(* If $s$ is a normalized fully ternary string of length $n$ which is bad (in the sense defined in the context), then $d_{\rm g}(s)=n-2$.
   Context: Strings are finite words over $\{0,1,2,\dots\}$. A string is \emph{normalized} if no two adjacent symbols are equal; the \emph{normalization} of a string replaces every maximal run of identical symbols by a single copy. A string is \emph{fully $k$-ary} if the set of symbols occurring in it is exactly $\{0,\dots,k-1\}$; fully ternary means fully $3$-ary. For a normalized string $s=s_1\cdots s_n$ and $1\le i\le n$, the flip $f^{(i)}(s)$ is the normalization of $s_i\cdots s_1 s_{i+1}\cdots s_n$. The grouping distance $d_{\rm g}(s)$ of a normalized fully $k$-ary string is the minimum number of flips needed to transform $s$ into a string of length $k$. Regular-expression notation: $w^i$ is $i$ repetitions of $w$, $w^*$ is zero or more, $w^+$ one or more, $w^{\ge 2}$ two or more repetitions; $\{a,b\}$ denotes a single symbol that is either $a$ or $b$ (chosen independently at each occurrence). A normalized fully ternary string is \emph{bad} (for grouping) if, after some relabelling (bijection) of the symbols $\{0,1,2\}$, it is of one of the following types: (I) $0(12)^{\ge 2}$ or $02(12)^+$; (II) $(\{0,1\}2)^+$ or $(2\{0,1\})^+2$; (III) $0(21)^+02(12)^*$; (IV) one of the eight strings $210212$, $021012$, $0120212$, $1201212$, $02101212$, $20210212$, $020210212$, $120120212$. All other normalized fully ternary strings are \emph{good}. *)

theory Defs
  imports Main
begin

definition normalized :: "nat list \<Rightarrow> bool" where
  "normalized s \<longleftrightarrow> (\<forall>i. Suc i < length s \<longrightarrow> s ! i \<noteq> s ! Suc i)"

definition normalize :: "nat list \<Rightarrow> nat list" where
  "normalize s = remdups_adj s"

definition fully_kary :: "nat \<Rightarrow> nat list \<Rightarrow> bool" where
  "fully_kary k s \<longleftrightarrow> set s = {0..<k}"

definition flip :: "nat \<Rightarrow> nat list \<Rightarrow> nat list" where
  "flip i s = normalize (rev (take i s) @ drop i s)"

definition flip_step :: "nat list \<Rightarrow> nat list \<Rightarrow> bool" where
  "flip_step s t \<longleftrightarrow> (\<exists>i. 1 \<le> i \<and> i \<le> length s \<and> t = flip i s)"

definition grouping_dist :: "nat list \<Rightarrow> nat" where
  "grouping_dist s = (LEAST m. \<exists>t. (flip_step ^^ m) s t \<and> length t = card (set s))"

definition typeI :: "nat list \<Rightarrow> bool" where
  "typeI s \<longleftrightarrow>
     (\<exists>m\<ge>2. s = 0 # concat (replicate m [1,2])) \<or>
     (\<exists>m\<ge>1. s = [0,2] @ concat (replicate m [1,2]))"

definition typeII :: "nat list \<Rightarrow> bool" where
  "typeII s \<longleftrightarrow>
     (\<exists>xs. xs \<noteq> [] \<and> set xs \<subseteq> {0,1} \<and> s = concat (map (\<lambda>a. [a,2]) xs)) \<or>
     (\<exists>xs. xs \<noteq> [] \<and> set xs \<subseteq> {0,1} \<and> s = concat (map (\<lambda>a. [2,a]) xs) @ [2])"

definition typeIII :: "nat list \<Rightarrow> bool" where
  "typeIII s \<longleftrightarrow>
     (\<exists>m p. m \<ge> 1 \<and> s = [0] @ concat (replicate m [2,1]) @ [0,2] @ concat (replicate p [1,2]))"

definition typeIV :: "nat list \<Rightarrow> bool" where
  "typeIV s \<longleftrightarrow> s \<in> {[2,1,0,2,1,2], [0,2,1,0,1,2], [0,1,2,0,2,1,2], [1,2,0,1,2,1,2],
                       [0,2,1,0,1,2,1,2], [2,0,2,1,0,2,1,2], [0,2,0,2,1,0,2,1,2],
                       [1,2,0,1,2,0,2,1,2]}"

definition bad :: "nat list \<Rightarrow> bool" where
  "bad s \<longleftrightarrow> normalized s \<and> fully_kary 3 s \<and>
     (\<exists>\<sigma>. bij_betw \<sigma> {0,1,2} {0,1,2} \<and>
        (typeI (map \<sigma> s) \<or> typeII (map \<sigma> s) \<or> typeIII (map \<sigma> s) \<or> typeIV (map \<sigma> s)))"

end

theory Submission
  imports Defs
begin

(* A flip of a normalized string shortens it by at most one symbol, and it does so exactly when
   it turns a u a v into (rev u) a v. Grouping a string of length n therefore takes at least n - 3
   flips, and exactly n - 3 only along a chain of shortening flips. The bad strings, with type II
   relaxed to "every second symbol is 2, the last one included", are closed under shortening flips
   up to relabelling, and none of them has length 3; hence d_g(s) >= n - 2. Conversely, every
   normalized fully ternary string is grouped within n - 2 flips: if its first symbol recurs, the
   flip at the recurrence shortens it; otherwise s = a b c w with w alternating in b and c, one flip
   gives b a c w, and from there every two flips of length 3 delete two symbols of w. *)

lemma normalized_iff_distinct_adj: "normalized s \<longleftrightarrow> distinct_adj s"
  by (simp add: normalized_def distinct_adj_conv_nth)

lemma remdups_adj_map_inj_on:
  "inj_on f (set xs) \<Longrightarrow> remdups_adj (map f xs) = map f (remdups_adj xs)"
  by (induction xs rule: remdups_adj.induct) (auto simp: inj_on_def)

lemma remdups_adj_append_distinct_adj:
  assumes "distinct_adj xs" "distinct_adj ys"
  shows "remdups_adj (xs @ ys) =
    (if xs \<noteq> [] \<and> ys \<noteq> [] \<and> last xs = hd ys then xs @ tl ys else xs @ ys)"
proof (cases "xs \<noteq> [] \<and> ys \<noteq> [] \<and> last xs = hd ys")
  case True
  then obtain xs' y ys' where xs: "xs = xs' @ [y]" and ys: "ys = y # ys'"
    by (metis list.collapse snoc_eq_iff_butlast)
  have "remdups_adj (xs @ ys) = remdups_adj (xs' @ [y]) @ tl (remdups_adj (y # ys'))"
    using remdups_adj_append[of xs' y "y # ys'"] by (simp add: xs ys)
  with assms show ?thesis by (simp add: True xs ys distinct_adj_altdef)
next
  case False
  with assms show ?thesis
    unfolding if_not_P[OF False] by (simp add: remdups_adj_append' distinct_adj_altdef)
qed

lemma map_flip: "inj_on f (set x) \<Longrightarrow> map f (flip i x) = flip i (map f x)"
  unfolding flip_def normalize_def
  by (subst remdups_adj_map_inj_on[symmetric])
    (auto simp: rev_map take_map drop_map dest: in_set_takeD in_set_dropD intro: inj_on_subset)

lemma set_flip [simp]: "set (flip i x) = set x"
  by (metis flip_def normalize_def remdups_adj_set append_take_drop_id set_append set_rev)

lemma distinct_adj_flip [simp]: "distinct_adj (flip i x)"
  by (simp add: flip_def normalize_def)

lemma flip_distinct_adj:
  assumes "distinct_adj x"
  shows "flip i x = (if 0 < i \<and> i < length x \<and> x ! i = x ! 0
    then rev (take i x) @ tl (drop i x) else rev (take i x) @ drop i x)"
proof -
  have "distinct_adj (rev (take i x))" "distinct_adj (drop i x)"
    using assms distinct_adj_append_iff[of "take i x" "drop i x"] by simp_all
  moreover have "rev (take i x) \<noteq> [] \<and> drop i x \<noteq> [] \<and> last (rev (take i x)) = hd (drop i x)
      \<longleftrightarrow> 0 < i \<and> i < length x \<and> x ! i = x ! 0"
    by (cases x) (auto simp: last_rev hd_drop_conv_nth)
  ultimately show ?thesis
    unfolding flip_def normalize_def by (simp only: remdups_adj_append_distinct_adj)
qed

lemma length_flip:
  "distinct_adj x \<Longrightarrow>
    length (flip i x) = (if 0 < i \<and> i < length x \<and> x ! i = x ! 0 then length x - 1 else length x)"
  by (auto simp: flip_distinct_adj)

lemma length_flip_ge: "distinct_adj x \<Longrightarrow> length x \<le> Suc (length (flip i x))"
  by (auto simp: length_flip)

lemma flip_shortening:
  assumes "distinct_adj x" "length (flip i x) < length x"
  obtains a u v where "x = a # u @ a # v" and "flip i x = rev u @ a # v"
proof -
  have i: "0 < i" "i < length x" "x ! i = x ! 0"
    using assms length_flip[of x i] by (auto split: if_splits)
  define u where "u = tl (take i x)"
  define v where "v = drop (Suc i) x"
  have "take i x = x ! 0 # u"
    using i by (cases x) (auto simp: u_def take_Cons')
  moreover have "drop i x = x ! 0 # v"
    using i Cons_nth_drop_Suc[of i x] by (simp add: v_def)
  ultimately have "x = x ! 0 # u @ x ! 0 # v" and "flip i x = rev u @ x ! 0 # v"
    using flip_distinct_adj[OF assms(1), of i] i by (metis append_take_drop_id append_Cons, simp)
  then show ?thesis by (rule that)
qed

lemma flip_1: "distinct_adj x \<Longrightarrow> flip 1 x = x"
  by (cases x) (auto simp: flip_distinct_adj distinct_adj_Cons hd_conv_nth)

☆ ☆ ☆

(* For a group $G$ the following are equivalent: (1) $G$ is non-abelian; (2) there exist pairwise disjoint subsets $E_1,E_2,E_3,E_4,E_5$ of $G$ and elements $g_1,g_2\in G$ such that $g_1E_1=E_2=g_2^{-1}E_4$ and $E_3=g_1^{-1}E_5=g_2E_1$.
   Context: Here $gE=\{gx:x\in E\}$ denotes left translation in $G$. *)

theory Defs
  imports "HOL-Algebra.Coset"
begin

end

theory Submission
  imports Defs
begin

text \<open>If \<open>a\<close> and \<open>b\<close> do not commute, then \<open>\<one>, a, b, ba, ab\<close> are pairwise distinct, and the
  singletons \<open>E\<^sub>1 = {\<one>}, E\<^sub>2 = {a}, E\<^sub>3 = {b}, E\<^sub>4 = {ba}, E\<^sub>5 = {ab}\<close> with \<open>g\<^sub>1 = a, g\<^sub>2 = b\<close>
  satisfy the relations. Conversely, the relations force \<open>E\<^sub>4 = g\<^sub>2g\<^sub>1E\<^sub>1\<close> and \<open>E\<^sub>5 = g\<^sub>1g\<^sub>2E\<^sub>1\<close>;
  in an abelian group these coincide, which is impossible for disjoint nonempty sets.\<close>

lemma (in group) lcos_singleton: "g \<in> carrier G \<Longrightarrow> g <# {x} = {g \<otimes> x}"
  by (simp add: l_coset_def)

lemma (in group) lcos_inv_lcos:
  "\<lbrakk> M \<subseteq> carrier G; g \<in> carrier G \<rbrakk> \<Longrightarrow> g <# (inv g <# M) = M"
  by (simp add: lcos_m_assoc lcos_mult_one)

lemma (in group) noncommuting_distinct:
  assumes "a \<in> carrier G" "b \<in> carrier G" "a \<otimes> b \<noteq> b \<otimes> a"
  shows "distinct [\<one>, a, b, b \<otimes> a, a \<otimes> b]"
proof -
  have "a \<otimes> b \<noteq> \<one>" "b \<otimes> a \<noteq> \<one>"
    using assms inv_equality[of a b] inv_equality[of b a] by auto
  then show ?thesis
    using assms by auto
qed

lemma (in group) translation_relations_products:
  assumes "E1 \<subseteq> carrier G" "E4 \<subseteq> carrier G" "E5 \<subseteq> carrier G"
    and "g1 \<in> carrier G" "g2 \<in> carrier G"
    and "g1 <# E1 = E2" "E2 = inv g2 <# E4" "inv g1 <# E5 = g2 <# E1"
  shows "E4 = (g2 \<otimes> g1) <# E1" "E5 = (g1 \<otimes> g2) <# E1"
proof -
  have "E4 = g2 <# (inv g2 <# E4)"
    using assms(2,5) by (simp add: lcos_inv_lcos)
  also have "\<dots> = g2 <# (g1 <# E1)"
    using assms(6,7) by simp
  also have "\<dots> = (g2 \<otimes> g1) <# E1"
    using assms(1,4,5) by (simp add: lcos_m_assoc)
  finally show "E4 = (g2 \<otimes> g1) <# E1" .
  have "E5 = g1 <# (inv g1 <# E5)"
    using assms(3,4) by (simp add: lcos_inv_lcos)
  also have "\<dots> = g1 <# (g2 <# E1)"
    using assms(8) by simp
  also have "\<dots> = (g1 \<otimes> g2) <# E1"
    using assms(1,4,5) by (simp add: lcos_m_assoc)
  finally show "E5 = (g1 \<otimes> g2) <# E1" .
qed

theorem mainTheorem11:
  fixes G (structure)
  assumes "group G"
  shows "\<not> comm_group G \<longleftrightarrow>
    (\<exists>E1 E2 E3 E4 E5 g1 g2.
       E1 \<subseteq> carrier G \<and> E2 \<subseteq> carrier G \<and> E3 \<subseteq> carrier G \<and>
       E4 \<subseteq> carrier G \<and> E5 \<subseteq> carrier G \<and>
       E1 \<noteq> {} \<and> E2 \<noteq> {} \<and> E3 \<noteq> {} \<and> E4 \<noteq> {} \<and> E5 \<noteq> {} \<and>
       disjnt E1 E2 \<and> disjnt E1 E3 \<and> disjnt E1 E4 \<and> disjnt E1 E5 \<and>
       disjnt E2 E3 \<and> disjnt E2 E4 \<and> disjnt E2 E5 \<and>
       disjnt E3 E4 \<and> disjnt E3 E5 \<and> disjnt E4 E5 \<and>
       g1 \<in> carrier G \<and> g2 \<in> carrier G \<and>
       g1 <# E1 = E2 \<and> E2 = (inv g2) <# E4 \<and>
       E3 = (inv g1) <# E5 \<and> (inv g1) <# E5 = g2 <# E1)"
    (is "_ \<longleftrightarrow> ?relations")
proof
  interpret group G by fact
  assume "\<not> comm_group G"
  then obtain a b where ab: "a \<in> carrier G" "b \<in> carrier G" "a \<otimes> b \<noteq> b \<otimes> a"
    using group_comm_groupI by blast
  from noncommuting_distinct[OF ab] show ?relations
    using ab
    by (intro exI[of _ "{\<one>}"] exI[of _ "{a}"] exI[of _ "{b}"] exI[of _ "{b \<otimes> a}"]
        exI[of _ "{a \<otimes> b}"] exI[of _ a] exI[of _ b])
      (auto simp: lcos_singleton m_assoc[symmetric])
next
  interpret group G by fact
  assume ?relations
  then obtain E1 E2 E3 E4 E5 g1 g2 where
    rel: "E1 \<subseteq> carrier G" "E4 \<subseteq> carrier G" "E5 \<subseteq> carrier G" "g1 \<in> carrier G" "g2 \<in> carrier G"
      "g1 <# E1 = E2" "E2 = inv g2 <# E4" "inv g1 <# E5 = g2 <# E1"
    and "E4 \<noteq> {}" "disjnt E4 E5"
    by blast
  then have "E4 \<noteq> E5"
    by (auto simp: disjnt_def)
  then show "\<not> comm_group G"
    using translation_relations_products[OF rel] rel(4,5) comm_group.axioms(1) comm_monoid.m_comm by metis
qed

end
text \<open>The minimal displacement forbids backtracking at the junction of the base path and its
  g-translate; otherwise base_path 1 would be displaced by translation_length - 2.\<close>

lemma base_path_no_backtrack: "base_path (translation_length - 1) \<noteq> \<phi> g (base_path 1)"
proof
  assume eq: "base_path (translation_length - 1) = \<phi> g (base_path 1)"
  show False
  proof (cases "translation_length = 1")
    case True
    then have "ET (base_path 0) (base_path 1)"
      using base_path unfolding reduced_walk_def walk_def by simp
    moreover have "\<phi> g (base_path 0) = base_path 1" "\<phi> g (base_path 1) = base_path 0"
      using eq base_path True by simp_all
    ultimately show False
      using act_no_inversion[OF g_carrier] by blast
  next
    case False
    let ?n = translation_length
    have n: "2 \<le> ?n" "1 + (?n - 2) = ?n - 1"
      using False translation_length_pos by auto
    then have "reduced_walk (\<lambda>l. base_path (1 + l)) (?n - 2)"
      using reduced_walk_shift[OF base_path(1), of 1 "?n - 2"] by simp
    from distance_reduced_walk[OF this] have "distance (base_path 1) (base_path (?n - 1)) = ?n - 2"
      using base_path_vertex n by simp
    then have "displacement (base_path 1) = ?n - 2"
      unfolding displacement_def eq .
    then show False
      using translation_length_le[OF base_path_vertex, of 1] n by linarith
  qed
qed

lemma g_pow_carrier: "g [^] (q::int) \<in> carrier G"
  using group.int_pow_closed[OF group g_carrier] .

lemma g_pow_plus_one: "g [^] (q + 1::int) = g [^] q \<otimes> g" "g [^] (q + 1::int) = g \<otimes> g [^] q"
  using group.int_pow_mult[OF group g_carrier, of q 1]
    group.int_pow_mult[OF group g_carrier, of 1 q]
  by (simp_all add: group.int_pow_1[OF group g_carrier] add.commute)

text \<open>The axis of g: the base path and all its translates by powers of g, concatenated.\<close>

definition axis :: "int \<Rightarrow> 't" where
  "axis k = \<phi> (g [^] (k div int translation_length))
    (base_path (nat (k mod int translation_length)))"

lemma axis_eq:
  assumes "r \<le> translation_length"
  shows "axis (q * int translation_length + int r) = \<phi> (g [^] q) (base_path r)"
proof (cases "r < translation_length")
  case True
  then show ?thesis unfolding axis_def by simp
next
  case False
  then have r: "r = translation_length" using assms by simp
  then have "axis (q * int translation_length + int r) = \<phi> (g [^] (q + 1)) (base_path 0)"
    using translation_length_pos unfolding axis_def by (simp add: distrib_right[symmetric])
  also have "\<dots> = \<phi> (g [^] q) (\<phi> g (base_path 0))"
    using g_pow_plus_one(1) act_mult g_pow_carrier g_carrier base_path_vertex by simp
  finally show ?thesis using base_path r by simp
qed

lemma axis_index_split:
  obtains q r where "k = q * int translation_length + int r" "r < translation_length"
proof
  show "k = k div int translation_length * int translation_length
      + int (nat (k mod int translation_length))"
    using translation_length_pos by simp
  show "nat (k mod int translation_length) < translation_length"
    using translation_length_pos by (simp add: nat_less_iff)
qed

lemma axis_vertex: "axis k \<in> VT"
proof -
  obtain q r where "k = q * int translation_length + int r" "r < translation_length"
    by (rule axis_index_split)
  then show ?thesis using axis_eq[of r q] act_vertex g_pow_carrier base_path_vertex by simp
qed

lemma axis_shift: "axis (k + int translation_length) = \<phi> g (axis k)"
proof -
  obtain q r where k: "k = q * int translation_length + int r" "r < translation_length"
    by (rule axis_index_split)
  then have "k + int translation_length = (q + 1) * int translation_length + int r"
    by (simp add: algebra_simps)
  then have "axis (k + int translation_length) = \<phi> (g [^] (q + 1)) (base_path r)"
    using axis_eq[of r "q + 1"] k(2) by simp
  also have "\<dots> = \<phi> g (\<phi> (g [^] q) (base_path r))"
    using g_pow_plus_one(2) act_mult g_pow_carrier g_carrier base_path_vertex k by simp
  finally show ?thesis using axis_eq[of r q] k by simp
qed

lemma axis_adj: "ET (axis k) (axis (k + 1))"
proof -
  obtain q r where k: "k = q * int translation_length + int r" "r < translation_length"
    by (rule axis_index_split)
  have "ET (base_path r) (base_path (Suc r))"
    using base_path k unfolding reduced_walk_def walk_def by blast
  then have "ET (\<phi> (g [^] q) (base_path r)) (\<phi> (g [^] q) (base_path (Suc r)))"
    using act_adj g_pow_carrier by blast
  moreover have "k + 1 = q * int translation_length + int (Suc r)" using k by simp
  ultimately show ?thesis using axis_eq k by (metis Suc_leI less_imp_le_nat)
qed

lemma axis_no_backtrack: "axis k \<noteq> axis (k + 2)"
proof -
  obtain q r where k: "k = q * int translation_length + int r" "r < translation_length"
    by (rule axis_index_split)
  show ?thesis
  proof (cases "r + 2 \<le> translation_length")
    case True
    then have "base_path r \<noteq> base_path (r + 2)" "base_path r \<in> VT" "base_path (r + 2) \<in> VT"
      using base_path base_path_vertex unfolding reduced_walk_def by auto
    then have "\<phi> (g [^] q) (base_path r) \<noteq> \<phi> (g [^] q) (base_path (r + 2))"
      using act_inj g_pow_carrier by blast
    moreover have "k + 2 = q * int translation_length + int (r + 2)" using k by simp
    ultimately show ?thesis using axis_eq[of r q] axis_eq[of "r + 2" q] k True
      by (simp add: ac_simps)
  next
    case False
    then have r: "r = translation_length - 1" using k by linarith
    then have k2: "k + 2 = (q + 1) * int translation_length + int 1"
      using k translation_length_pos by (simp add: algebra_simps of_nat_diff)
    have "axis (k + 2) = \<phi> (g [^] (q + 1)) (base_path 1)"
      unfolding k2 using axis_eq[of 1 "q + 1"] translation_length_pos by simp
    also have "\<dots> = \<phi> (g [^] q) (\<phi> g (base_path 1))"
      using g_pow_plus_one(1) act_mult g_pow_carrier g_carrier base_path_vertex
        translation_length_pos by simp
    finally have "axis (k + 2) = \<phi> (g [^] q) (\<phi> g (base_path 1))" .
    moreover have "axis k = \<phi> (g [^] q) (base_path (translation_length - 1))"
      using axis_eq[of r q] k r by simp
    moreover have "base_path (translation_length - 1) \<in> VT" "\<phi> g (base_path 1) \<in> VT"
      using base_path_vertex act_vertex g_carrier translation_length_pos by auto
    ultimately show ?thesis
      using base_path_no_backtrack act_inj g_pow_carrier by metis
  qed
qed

☆ ☆ ☆

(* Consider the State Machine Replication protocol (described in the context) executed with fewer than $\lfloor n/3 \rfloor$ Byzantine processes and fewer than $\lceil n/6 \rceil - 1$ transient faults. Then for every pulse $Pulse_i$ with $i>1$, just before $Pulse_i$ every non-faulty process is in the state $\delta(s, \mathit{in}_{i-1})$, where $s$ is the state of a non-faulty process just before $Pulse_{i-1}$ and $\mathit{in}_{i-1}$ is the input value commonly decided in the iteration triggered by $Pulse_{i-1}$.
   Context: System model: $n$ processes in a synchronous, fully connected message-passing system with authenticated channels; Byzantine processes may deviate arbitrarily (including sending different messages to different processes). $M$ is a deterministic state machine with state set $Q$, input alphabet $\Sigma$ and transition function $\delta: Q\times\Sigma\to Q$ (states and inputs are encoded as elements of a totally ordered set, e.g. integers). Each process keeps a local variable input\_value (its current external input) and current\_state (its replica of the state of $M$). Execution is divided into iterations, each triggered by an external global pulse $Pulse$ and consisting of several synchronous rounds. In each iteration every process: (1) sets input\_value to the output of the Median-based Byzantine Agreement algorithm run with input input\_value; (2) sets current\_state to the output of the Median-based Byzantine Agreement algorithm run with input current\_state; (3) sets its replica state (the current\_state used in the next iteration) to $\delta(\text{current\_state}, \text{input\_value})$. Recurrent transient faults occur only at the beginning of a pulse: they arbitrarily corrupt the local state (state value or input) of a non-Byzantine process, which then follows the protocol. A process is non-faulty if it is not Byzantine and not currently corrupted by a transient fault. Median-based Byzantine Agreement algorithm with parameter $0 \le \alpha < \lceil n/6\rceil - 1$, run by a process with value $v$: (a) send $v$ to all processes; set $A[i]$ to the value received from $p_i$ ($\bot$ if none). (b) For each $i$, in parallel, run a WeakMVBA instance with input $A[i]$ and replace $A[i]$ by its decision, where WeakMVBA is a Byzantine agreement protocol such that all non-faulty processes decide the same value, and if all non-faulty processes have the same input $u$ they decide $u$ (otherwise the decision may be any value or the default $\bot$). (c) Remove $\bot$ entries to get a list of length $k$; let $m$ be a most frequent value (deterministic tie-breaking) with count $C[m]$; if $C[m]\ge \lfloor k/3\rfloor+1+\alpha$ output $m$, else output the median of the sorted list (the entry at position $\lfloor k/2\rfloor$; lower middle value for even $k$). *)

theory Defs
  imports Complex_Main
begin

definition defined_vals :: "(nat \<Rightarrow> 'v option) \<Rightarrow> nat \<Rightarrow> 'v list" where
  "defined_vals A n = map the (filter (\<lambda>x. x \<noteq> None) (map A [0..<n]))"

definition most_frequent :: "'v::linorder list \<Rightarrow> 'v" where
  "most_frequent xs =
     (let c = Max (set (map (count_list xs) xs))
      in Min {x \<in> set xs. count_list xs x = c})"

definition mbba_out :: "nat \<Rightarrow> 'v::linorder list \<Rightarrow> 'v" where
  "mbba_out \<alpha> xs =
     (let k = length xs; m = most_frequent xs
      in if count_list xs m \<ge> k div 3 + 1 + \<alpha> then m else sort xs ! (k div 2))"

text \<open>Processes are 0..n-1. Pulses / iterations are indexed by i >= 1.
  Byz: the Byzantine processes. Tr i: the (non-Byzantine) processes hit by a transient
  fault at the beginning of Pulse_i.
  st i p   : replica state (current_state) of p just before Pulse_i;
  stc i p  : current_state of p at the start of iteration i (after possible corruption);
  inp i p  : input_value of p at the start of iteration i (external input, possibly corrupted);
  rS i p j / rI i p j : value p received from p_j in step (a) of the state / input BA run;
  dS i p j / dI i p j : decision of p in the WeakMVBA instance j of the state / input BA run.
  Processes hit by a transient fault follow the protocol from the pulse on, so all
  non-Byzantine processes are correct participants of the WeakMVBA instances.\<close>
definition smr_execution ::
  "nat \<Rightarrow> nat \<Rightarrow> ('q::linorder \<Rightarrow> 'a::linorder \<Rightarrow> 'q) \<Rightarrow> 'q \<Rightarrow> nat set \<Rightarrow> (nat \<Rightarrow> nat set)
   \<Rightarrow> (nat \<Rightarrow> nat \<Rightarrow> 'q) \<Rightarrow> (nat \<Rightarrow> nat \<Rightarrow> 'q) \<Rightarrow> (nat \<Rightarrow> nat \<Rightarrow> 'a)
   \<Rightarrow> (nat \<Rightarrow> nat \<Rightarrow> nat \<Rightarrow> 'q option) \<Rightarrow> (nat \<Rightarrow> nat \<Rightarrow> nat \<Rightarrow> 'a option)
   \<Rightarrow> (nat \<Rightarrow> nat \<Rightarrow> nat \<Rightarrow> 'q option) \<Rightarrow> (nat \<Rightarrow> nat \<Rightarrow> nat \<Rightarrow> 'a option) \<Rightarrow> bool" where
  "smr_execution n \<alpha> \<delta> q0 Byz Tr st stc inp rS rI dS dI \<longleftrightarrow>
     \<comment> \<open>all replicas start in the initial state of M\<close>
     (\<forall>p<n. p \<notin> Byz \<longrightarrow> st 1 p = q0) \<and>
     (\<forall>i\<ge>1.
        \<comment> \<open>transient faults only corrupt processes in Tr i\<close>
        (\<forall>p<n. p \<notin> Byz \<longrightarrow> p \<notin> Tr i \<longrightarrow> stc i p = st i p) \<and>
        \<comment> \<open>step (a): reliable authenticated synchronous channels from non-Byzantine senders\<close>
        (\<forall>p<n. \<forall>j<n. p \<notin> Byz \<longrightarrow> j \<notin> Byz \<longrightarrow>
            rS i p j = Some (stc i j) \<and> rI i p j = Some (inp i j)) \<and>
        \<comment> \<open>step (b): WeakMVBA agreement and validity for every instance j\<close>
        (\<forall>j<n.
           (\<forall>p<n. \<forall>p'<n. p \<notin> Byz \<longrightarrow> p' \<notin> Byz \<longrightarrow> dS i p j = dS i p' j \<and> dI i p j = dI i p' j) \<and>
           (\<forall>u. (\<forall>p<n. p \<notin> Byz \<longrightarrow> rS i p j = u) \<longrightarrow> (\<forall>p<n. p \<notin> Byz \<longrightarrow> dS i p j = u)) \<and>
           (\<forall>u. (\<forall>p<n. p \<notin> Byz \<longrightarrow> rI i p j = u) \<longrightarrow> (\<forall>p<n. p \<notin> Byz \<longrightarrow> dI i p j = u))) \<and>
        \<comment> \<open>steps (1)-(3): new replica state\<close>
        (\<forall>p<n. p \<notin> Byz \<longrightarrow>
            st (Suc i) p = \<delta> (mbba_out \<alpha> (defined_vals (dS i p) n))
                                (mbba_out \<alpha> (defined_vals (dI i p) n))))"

☆ ☆ ☆

__PROBLEM DETAILS__
The output should be exactly the lines above from the line containing "flips, and exactly" to the line containing "then obtain xs'", inclusive, with no other lines.

__OUTPUT BELOW__
   flips, and exactly n - 3 only along a chain of shortening flips. The bad strings, with type II
   relaxed to "every second symbol is 2, the last one included", are closed under shortening flips
   up to relabelling, and none of them has length 3; hence d_g(s) >= n - 2. Conversely, every
   normalized fully ternary string is grouped within n - 2 flips: if its first symbol recurs, the
   flip at the recurrence shortens it; otherwise s = a b c w with w alternating in b and c, one flip
   gives b a c w, and from there every two flips of length 3 delete two symbols of w. *)

lemma normalized_iff_distinct_adj: "normalized s \<longleftrightarrow> distinct_adj s"
  by (simp add: normalized_def distinct_adj_conv_nth)

lemma remdups_adj_map_inj_on:
  "inj_on f (set xs) \<Longrightarrow> remdups_adj (map f xs) = map f (remdups_adj xs)"
  by (induction xs rule: remdups_adj.induct) (auto simp: inj_on_def)

lemma remdups_adj_append_distinct_adj:
  assumes "distinct_adj xs" "distinct_adj ys"
  shows "remdups_adj (xs @ ys) =
    (if xs \<noteq> [] \<and> ys \<noteq> [] \<and> last xs = hd ys then xs @ tl ys else xs @ ys)"
proof (cases "xs \<noteq> [] \<and> ys \<noteq> [] \<and> last xs = hd ys")
  case True
  then obtain xs' y ys' where xs: "xs = xs' @ [y]" and ys: "ys = y # ys'"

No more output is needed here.